----- Data section

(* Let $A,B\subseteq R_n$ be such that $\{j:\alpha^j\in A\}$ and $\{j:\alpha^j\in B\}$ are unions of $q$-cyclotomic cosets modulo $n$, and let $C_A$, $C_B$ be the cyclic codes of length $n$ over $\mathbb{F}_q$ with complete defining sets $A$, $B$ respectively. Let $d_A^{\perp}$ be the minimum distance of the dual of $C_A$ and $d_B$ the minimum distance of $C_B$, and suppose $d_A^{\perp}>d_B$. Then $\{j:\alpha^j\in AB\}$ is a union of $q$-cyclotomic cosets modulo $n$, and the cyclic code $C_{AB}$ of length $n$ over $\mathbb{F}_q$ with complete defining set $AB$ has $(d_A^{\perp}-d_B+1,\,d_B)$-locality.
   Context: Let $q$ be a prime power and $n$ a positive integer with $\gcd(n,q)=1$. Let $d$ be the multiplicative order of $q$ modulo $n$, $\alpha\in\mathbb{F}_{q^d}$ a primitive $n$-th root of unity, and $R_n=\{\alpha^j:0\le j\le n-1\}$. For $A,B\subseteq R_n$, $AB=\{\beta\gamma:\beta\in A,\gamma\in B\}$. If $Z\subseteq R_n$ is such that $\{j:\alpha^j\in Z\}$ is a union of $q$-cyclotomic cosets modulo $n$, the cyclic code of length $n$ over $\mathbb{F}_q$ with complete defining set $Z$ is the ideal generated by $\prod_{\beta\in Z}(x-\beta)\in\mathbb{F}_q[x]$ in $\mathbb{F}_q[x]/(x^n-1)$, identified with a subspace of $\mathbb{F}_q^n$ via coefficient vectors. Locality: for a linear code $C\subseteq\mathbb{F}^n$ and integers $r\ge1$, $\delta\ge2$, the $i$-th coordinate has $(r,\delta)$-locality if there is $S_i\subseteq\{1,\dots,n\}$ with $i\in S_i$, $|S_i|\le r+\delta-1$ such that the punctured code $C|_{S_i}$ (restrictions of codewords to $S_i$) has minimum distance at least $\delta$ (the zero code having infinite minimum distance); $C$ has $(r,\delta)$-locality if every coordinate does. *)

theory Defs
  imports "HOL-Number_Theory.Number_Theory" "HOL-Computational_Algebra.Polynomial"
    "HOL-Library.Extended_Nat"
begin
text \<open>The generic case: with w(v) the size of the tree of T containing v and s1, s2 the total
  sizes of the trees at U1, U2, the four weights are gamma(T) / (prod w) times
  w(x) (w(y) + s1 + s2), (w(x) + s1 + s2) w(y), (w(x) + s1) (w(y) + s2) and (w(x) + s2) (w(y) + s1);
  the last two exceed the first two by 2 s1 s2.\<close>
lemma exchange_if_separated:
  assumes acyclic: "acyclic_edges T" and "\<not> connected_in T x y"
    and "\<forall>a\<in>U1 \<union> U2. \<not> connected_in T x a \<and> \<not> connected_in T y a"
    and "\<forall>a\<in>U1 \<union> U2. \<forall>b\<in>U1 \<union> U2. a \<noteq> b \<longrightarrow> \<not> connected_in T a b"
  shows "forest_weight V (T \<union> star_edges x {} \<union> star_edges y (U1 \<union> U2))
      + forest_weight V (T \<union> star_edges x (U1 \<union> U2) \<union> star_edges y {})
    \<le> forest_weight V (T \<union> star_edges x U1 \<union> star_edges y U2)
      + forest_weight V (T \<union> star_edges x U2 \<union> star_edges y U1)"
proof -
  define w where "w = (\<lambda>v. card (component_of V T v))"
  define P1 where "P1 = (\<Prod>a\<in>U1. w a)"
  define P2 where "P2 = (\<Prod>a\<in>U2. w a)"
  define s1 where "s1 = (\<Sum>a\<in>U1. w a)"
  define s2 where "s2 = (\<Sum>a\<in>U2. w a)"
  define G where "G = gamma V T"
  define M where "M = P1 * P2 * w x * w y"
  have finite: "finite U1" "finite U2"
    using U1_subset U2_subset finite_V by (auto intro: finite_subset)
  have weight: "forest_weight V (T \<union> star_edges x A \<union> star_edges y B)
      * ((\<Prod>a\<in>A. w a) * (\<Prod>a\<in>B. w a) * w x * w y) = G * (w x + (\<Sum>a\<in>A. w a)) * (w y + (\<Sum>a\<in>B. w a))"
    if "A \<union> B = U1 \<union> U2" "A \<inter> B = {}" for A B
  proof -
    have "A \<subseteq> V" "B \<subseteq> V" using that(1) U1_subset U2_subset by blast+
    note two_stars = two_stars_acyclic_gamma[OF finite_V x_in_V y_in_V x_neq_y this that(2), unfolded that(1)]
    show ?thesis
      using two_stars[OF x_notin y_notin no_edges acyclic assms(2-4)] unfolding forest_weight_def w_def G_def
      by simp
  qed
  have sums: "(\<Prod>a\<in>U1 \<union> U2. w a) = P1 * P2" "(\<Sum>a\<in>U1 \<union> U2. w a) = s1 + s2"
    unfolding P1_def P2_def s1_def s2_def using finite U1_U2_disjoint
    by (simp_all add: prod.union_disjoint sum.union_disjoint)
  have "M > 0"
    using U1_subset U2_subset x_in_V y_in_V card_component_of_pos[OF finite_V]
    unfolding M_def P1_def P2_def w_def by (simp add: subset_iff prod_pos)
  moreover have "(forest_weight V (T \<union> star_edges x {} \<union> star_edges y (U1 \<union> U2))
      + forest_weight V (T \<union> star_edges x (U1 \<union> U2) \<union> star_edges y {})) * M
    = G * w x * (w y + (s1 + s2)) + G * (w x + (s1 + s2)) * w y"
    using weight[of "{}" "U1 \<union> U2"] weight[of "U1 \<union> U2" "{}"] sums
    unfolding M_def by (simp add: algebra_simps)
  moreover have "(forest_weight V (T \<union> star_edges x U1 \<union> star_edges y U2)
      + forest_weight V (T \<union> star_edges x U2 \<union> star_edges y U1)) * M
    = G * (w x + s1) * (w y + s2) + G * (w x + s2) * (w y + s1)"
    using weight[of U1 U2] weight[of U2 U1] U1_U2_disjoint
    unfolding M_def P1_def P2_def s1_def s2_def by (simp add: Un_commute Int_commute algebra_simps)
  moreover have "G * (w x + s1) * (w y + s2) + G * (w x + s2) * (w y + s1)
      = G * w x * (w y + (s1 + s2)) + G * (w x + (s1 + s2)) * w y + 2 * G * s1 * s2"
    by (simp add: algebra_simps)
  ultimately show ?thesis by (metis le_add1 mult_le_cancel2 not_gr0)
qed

----------

Your answer should consist solely of the lines above from the line with "define w where" to the line with "define M where", both included, reproduced exactly.

__Expected output__:
  define w where "w = (\<lambda>v. card (component_of V T v))"
  define P1 where "P1 = (\<Prod>a\<in>U1. w a)"
  define P2 where "P2 = (\<Prod>a\<in>U2. w a)"
  define s1 where "s1 = (\<Sum>a\<in>U1. w a)"
  define s2 where "s2 = (\<Sum>a\<in>U2. w a)"
  define G where "G = gamma V T"
  define M where "M = P1 * P2 * w x * w y"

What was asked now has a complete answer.